Thank you for your time in reading this and forwarding it to the proper representatives in hopes that we will see a bulletin released soon that says, Kodak resends its prior decision of discontinuing Kodak HIE due to an overwhelming response from Fine Art photographers and many other photographers alike. I believe Kodak will appreciate the response it will get from us as a community for putting that amazing product back on the shelves for our use. If Kodak only knew of the 10's of thousands of websites that contain photos used with Kodak HIE and how many thousands of galleries that contain beautiful art used with Kodak HIE, I certainly believe they would have not made this decision, because we as film photographers always tell our audience what we used to make that beautiful photo they are buying, or appreciating in a gallery or online website and that is major marketing for Kodak in general. All of that publicity will be a memory if this decision is not reversed, and when you consider the numbers of websites, and galleries that have photos using Kodak HIE and a photographer explaining that he could not have made such a fine work without the use of Kodak HIE film, the publicity loss to Kodak is enormous!

Thank you for your time in reading and forwarding this email to the people that made the decision to deprive our community of such a wonderful and brilliant Film!


Luke Ballard, "Luke Ballard Photography LLC."

At least I tried. As the quote goes, "Evil prevails when good men fail to act"

Please act on this even if you don't use it, maybe one day something you love and use to make your work will be discontinued and you will feel the same. We have to keep all good Film alive! That is why this forum exist, to share the great and amazing art of Film Photography! My hat is off to you James for making an effort to at least try and keep one of the great films alive! I am fairly new to IR, and I have been shooting some other IR films as practice and was just about to really start puttting HIE to use now that I have some experience with IR when this happened, and Im not lieing, I can't find any of it anywhere, B@H is sold out and everywhere else I look it is gone also. The only ppl that are going to make a fourtune from this are the people with a good stock of it that don't use it and are going to sell it for outragious prices on Ebay. We should all be able to buy it as we have been for many years.

Thanks James, Keep the faith!


Bob Michaels , Nov 25, 2007; 05:51 p.m.

Folks: I hate to see HIE go. And I hate to be the bearer of bad news, but......

Recent history has shown that Kodak cannot make a profit selling HIE at the current sales levels.

Kodak is a for-profit business, not a supporter of fine art photography. The investors (owners) of the company demand this.

Your best bet is place an order for several million rolls of the HIE. Or however big an order they would need to be able to produce it at a profit.
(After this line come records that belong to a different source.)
lemma fg_is_flow_iff_step: "fg_is_flow h g \<longleftrightarrow> (\<forall>x\<in>fX h. fg_step h g x = g x)"
  unfolding fg_is_flow_def fg_step_def by auto

context
  fixes h :: "'m fgraph"
  assumes wf: "fg_wf h"
begin

lemma fg_step_mono:
  assumes "\<And>x. x \<in> fX h \<Longrightarrow> fm_le (f x) (g x)"
  shows "fm_le (fg_step h f x) (fg_step h g x)"
proof -
  have "fm_le (fE h y x (f y)) (fE h y x (g y))" if "y \<in> fX h" for y
    using wf assms that fm_cont_mono[of "fE h y x"] by (simp add: fg_wf_def)
  then show ?thesis
    by (simp add: fg_step_def fm_le_add fm_sum_mono)
qed

lemma fg_iter_asc: "x \<in> fX h \<Longrightarrow> fm_asc (\<lambda>n. fg_iter h n x)"
proof -
  have "\<forall>x\<in>fX h. fm_le (fg_iter h n x) (fg_iter h (Suc n) x)" for n
    by (induction n) (simp_all add: fg_step_mono fm_le_zero)
  then show "x \<in> fX h \<Longrightarrow> fm_asc (\<lambda>n. fg_iter h n x)"
    unfolding fm_asc_def by blast
qed

lemma fg_kleene_least:
  assumes pre: "\<And>x. x \<in> fX h \<Longrightarrow> fm_le (fg_step h g x) (g x)" and x: "x \<in> fX h"
  shows "fm_le (fg_kleene h x) (g x)"
proof -
  have "\<forall>x\<in>fX h. fm_le (fg_iter h n x) (g x)" for n
  proof (induction n)
    case (Suc n)
    have "fm_le (fg_step h (fg_iter h n) x) (g x)" if "x \<in> fX h" for x
      using fg_step_mono[of "fg_iter h n" g x] Suc pre[OF that] by (blast intro: fm_le_trans)
    then show ?case
      by simp
  qed (simp add: fm_le_zero)
  then have "fm_le (fm_lub (\<lambda>n. fg_iter h n x)) (g x)"
    using x by (intro fm_lub_least fg_iter_asc) auto
  then show ?thesis
    using x by (simp add: fg_kleene_def)
qed

lemma fg_kleene_is_flow: "fg_is_flow h (fg_kleene h)"
  unfolding fg_is_flow_def
proof
  fix x assume x: "x \<in> fX h"
  have E: "\<And>y. y \<in> fX h \<Longrightarrow> fm_asc (\<lambda>n. fE h y x (fg_iter h n y))"
    using wf by (auto simp: fg_wf_def intro: fm_cont_asc fg_iter_asc)
  have "fg_kleene h x = fm_lub (\<lambda>n. fg_iter h (Suc n) x)"
    using x fm_lub_shift[OF fg_iter_asc[OF x], of 1] by (simp add: fg_kleene_def)
  also have "\<dots> = fm_lub (\<lambda>n. fg_inx h x + (\<Sum>y\<in>fX h. fE h y x (fg_iter h n y)))"
    using x by (simp add: fg_step_def)
  also have "\<dots> = fg_inx h x + fm_lub (\<lambda>n. \<Sum>y\<in>fX h. fE h y x (fg_iter h n y))"
    using E by (intro fm_add_lub[symmetric] fm_asc_sum)
  also have "\<dots> = fg_inx h x + (\<Sum>y\<in>fX h. fm_lub (\<lambda>n. fE h y x (fg_iter h n y)))"
    using wf E by (simp add: fm_lub_sum fg_wf_def)
  also have "\<dots> = fg_inx h x + (\<Sum>y\<in>fX h. fE h y x (fg_kleene h y))"
    using wf by (simp add: fg_kleene_def fg_wf_def fm_cont_lub fg_iter_asc)
  finally show "fg_kleene h x = fg_inx h x + (\<Sum>y\<in>fX h. fE h y x (fg_kleene h y))" .
qed

lemma fg_flow_kleene: "fg_flow h = fg_kleene h"
  unfolding fg_flow_def
proof (rule the_equality)
  show "fg_is_flow h (fg_kleene h)
      \<and> (\<forall>g. fg_is_flow h g \<longrightarrow> (\<forall>x\<in>fX h. fm_le (fg_kleene h x) (g x)))
      \<and> (\<forall>x. x \<notin> fX h \<longrightarrow> fg_kleene h x = 0)"
    using fg_kleene_is_flow fg_kleene_least by (auto simp: fg_is_flow_iff_step fg_kleene_def)
next
  fix f
  assume f: "fg_is_flow h f \<and> (\<forall>g. fg_is_flow h g \<longrightarrow> (\<forall>x\<in>fX h. fm_le (f x) (g x)))
      \<and> (\<forall>x. x \<notin> fX h \<longrightarrow> f x = 0)"
  have "f x = fg_kleene h x" if "x \<in> fX h" for x
    using f that fg_kleene_is_flow fg_kleene_least[of f x]
    by (auto simp: fg_is_flow_iff_step intro: fm_antisym)
  with f show "f = fg_kleene h"
    by (auto simp: fg_kleene_def)
qed

lemma fg_flow_eq: "x \<in> fX h \<Longrightarrow> fg_flow h x = fg_inx h x + (\<Sum>y\<in>fX h. fE h y x (fg_flow h y))"
  using fg_kleene_is_flow unfolding fg_flow_kleene fg_is_flow_def by blast

lemma fg_flow_least:
  assumes "\<And>x. x \<in> fX h \<Longrightarrow> fm_le (fg_inx h x + (\<Sum>y\<in>fX h. fE h y x (g y))) (g x)" and "x \<in> fX h"
  shows "fm_le (fg_flow h x) (g x)"
  using assms fg_kleene_least unfolding fg_flow_kleene by (simp add: fg_step_def)

end

lemma fg_flow_mono_fin:
  fixes h :: "'m fgraph"
  assumes wf: "fg_wf h" and below: "\<And>z y. z \<notin> fX h \<Longrightarrow> y \<in> fX h \<Longrightarrow> fm_le (i z y) (fin h z y)"
    and x: "x \<in> fX h"
  shows "fm_le (fg_flow (h\<lparr>fin := i\<rparr>) x) (fg_flow h x)"
proof (rule fg_flow_least)
  fix x assume x: "x \<in> fX (h\<lparr>fin := i\<rparr>)"
  have "fm_le (fg_inx (h\<lparr>fin := i\<rparr>) x) (fg_inx h x)"
    unfolding fg_inx_def using x below by (auto intro!: fm_infsum_mono)
  then show "fm_le (fg_inx (h\<lparr>fin := i\<rparr>) x + (\<Sum>y\<in>fX (h\<lparr>fin := i\<rparr>). fE (h\<lparr>fin := i\<rparr>) y x (fg_flow h y)))
      (fg_flow h x)"
    using x fg_flow_eq[OF wf, of x] by (simp add: fm_le_add)
qed (use wf x in simp_all)

lemma fg_inx_restr:
  fixes h :: "'m fgraph"
  assumes fin: "finite (fX h)" and Y: "Y \<subseteq> fX h" and x: "x \<in> Y"
  shows "fg_inx (fg_restr h Y) x = fg_inx h x + (\<Sum>z\<in>fX h - Y. fE h z x (fg_flow h z))"
proof -
  let ?f = "\<lambda>z. fin (fg_restr h Y) z x"
  have "- (fX h \<inter> Y) = - fX h \<union> (fX h - Y)"
    using Y by auto
  then have "fg_inx (fg_restr h Y) x = fm_infsum ?f (- fX h \<union> (fX h - Y))"
    unfolding fg_inx_def by (simp only: fg_restr_simps)
  also have "\<dots> = fm_infsum ?f (- fX h) + sum ?f (fX h - Y)"
    by (rule fm_infsum_union_finite) (use fin in auto)
  also have "fm_infsum ?f (- fX h) = fg_inx h x"
    unfolding fg_inx_def by (rule fm_infsum_cong) simp
  also have "sum ?f (fX h - Y) = (\<Sum>z\<in>fX h - Y. fE h z x (fg_flow h z))"
    by (rule sum.cong) auto
  finally show ?thesis .
qed

lemma fg_flow_restr:
  fixes h :: "'m fgraph"
  assumes wf: "fg_wf h" and Y: "Y \<subseteq> fX h" and y: "y \<in> Y"
  shows "fg_flow (fg_restr h Y) y = fg_flow h y"
proof -
  let ?R = "fg_restr h Y" and ?F = "fg_flow h"
  have fin: "finite (fX h)" and XY: "fX h \<inter> Y = Y"
    using wf Y by (auto simp: fg_wf_def)
  have wfR: "fg_wf ?R"
    using wf by (rule fg_wf_restr)
  have split: "(\<Sum>z\<in>fX h. g z) = (\<Sum>z\<in>fX h - Y. g z) + (\<Sum>z\<in>Y. g z)" for g :: "nat \<Rightarrow> 'm"
    using sum.subset_diff[OF Y fin] by simp
  have inx_R: "fg_inx ?R x + (\<Sum>z\<in>Y. fE h z x (g z))
      = fg_inx h x + ((\<Sum>z\<in>fX h - Y. fE h z x (?F z)) + (\<Sum>z\<in>Y. fE h z x (g z)))"
    if "x \<in> Y" for x g
    using fg_inx_restr[OF fin Y that] by (simp add: add.assoc)
  have F_R: "fg_inx ?R x + (\<Sum>z\<in>Y. fE h z x (?F z)) = ?F x" if "x \<in> Y" for x
    using that Y by (simp add: inx_R split[symmetric] fg_flow_eq[OF wf, of x] subsetD)
  have R_le: "fm_le (fg_flow ?R x) (?F x)" if "x \<in> Y" for x
    using that by (intro fg_flow_least[OF wfR]) (simp_all add: XY F_R)
  txt \<open>Replacing the flow of h on Y by that of h|Y gives a pre-fixpoint of the flow
    equation of h, hence the converse inequality.\<close>
  define G where "G z = (if z \<in> Y then fg_flow ?R z else ?F z)" for z
  have "fm_le (fg_inx h x + (\<Sum>z\<in>fX h. fE h z x (G z))) (G x)" if x: "x \<in> fX h" for x
  proof -
    have G_split: "(\<Sum>z\<in>fX h. fE h z x (G z))
        = (\<Sum>z\<in>fX h - Y. fE h z x (?F z)) + (\<Sum>z\<in>Y. fE h z x (fg_flow ?R z))"
      unfolding split by (simp add: G_def)
    show ?thesis
    proof (cases "x \<in> Y")
      case True
      then show ?thesis
        using fg_flow_eq[OF wfR, of x] XY unfolding G_split by (simp add: G_def inx_R)
    next
      case False
      have "fm_le (\<Sum>z\<in>Y. fE h z x (fg_flow ?R z)) (\<Sum>z\<in>Y. fE h z x (?F z))"
        using wf Y R_le fm_cont_mono[of "fE h _ x"] by (intro fm_sum_mono) (auto simp: fg_wf_def)
      then show ?thesis
        using False x fg_flow_eq[OF wf, of x]
        unfolding G_split by (simp add: G_def split fm_le_add)
    qed
  qed
  then have "fm_le (?F y) (G y)"
    using wf Y y by (intro fg_flow_least) auto
  then show ?thesis
    using R_le[OF y] y by (simp add: G_def fm_antisym)
qed

context
  fixes h1 h2 :: "'m fgraph" and Y :: "nat set" and i :: "nat \<Rightarrow> nat \<Rightarrow> 'm"
  assumes wf1: "fg_wf h1" and wf2: "fg_wf h2" and X12: "fX h1 = fX h2"
    and footprint: "Y \<in> fg_FP h1 h2"
    and below: "\<And>z y. z \<notin> fX h1 \<Longrightarrow> y \<in> fX h1 \<Longrightarrow> fm_le (i z y) (fin h1 z y)"
begin

lemma footprint_inflow_le:
  assumes "z \<notin> Y" and "y \<in> Y"
  shows "fm_le (fin (fg_restr (h1\<lparr>fin := i\<rparr>) Y) z y) (fin (fg_restr h1 Y) z y)"
proof (cases "z \<in> fX h1")
  case True
  then have "fm_le (fg_flow (h1\<lparr>fin := i\<rparr>) z) (fg_flow h1 z)"
    using wf1 below by (rule fg_flow_mono_fin[rotated 2])
  then show ?thesis
    using True wf1 fm_cont_mono[of "fE h1 z y"] by (simp add: fg_wf_def)
next
  case False
  then show ?thesis
    using below assms fg_FP_subset[OF footprint] by auto
qed

lemma footprint_outflow_eq:
  assumes x: "x \<in> Y" and w: "w \<notin> Y"
  shows "fE h1 x w (fg_flow (h1\<lparr>fin := i\<rparr>) x)
    = fE h2 x w (fg_flow \<lparr>fX = Y, fE = fE h2, fin = fin (fg_restr (h1\<lparr>fin := i\<rparr>) Y)\<rparr> x)"
proof -
  let ?j = "fin (fg_restr (h1\<lparr>fin := i\<rparr>) Y)"
  have Y: "Y \<subseteq> fX h1"
    using footprint by (rule fg_FP_subset)
  have "fg_tf (fg_restr h1 Y) ?j x w = fg_out (fg_restr (h1\<lparr>fin := i\<rparr>) Y) x w"
    by (simp only: fg_tf_def fg_restr_fin_upd)
  also have "\<dots> = fE h1 x w (fg_flow (h1\<lparr>fin := i\<rparr>) x)"
    using wf1 Y x by (simp add: fg_out_def fg_flow_restr)
  finally have "fg_tf (fg_restr h1 Y) ?j x w = fE h1 x w (fg_flow (h1\<lparr>fin := i\<rparr>) x)" .
  moreover have "fg_tf (fg_restr h2 Y) ?j x w
      = fE h2 x w (fg_flow \<lparr>fX = Y, fE = fE h2, fin = ?j\<rparr> x)"
    using Y X12 by (simp add: fg_tf_restr Int_absorb1)
  moreover have "fg_tf (fg_restr h1 Y) ?j x w = fg_tf (fg_restr h2 Y) ?j x w"
    using footprint footprint_inflow_le x w by (rule fg_FP_tf_eq)
  ultimately show ?thesis
    by simp
qed

text \<open>Pasting the flow of the region Y of h2, fed by h1, with the flow of h1 outside Y
  gives a solution of the flow equation of h2.\<close>
lemma footprint_flow_le_outside:
  assumes x: "x \<in> fX h1 - Y"
  shows "fm_le (fg_flow (h2\<lparr>fin := i\<rparr>) x) (fg_flow (h1\<lparr>fin := i\<rparr>) x)"
proof -
  let ?g1 = "h1\<lparr>fin := i\<rparr>" and ?g2 = "h2\<lparr>fin := i\<rparr>"
  define R where "R = \<lparr>fX = Y, fE = fE h2, fin = fin (fg_restr ?g1 Y)\<rparr>"
  define H where "H z = (if z \<in> Y then fg_flow R z else fg_flow ?g1 z)" for z
  have Y: "Y \<subseteq> fX h1" and fin: "finite (fX h1)"
    using footprint wf1 by (auto simp: fg_FP_subset fg_wf_def)
  have R_simps: "fX R = Y" "fE R = fE h2"
    by (simp_all add: R_def)
  have wfR: "fg_wf R"
    using wf2 Y X12 by (auto simp: R_simps fg_wf_def intro: finite_subset)
  have split: "(\<Sum>z\<in>fX h1. g z) = (\<Sum>z\<in>fX h1 - Y. g z) + (\<Sum>z\<in>Y. g z)" for g :: "nat \<Rightarrow> 'm"
    using sum.subset_diff[OF Y fin] by simp
  have outside: "(\<Sum>z\<in>fX h1 - Y. fE h2 z x (H z)) = (\<Sum>z\<in>fX h1 - Y. fE h1 z x (fg_flow ?g1 z))" for x
    using fg_FP_edges_eq[OF footprint] by (intro sum.cong) (auto simp: H_def)
  have inx_R: "fg_inx R x = fg_inx ?g1 x + (\<Sum>z\<in>fX h1 - Y. fE h1 z x (fg_flow ?g1 z))" if "x \<in> Y" for x
  proof -
    have "fg_inx R x = fg_inx (fg_restr ?g1 Y) x"
      using Y by (simp add: R_def fg_inx_def Int_absorb1)
    also have "\<dots> = fg_inx ?g1 x + (\<Sum>z\<in>fX h1 - Y. fE h1 z x (fg_flow ?g1 z))"
      using fg_inx_restr[of ?g1 Y x] fin Y that by simp
    finally show ?thesis .
  qed
  have H_solves: "fg_inx ?g2 x + (\<Sum>z\<in>fX h1. fE h2 z x (H z)) = H x" if x: "x \<in> fX h1" for x
  proof -
    have inx: "fg_inx ?g2 x = fg_inx ?g1 x"
      using X12 by (simp add: fg_inx_def)
    have inside: "(\<Sum>z\<in>Y. fE h2 z x (H z)) = (\<Sum>z\<in>Y. fE h2 z x (fg_flow R z))"
      by (simp add: H_def)
    have sum_H: "fg_inx ?g2 x + (\<Sum>z\<in>fX h1. fE h2 z x (H z))
        = fg_inx ?g1 x + ((\<Sum>z\<in>fX h1 - Y. fE h1 z x (fg_flow ?g1 z)) + (\<Sum>z\<in>Y. fE h2 z x (fg_flow R z)))"
      by (simp only: inx split outside inside)
    show ?thesis
    proof (cases "x \<in> Y")
      case True
      then show ?thesis
        using fg_flow_eq[OF wfR, of x] unfolding sum_H by (simp add: H_def inx_R R_simps add.assoc)
    next
      case False
      have "(\<Sum>z\<in>Y. fE h2 z x (fg_flow R z)) = (\<Sum>z\<in>Y. fE h1 z x (fg_flow ?g1 z))"
        using False by (intro sum.cong) (simp_all add: footprint_outflow_eq[folded R_def])
      then show ?thesis
        using False x fg_flow_eq[of ?g1 x] wf1 unfolding sum_H by (simp add: H_def split)
    qed
  qed
  have "fm_le (fg_flow ?g2 x) (H x)"
    using wf2 x X12 H_solves by (intro fg_flow_least[of ?g2 H]) auto
  then show ?thesis
    using x by (simp add: H_def)
qed

lemma footprint_flow_inside:
  assumes eq: "\<And>z. z \<in> fX h1 - Y \<Longrightarrow> fg_flow (h1\<lparr>fin := i\<rparr>) z = fg_flow (h2\<lparr>fin := i\<rparr>) z"
    and x: "x \<in> Y"
  shows "fg_flow \<lparr>fX = Y, fE = fE h2, fin = fin (fg_restr (h1\<lparr>fin := i\<rparr>) Y)\<rparr> x
    = fg_flow (h2\<lparr>fin := i\<rparr>) x"
proof -
  have Y: "Y \<subseteq> fX h2"
    using footprint X12 by (auto dest: fg_FP_subset)
  have "fg_flow \<lparr>fX = Y, fE = fE h2, fin = fin (fg_restr (h1\<lparr>fin := i\<rparr>) Y)\<rparr>
      = fg_flow (fg_restr (h2\<lparr>fin := i\<rparr>) Y)"
    using Y eq fg_FP_edges_eq[OF footprint] X12 by (intro fg_flow_cong) auto
  then show ?thesis
    using wf2 Y x by (simp add: fg_flow_restr)
qed

end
Alternatively you could just buy control of Kodak. That should cost about US$ 4 Billion. Then tell management that as the new owners you want them to make fine art film without regard to how much money they lose.

Sorry but that is the reality of the world.

Kelly Flanigan , Nov 25, 2007; 06:41 p.m.

Probably a more effective "Campaign" would be if each person who wanted the product actually commit with cash to buy some product over the next few years. Wages, taxes, tooling are kept afloat by actual cash flow; not emails and requests. The facts are that products cannot be kept alive without sales; hard profitable sales figures.

Luke Ballard , Nov 25, 2007; 08:12 p.m.

You know, I just wrote a semi long email in response to the 2 comments above, but I deleted it. I don't have the care to get into it. All I want to say is, thanks for the support, and thanks for the Economics and Business knowledge you just gave me, makes me wonder why I went to college and got 3 degrees. I should have just learned all I needed to know here.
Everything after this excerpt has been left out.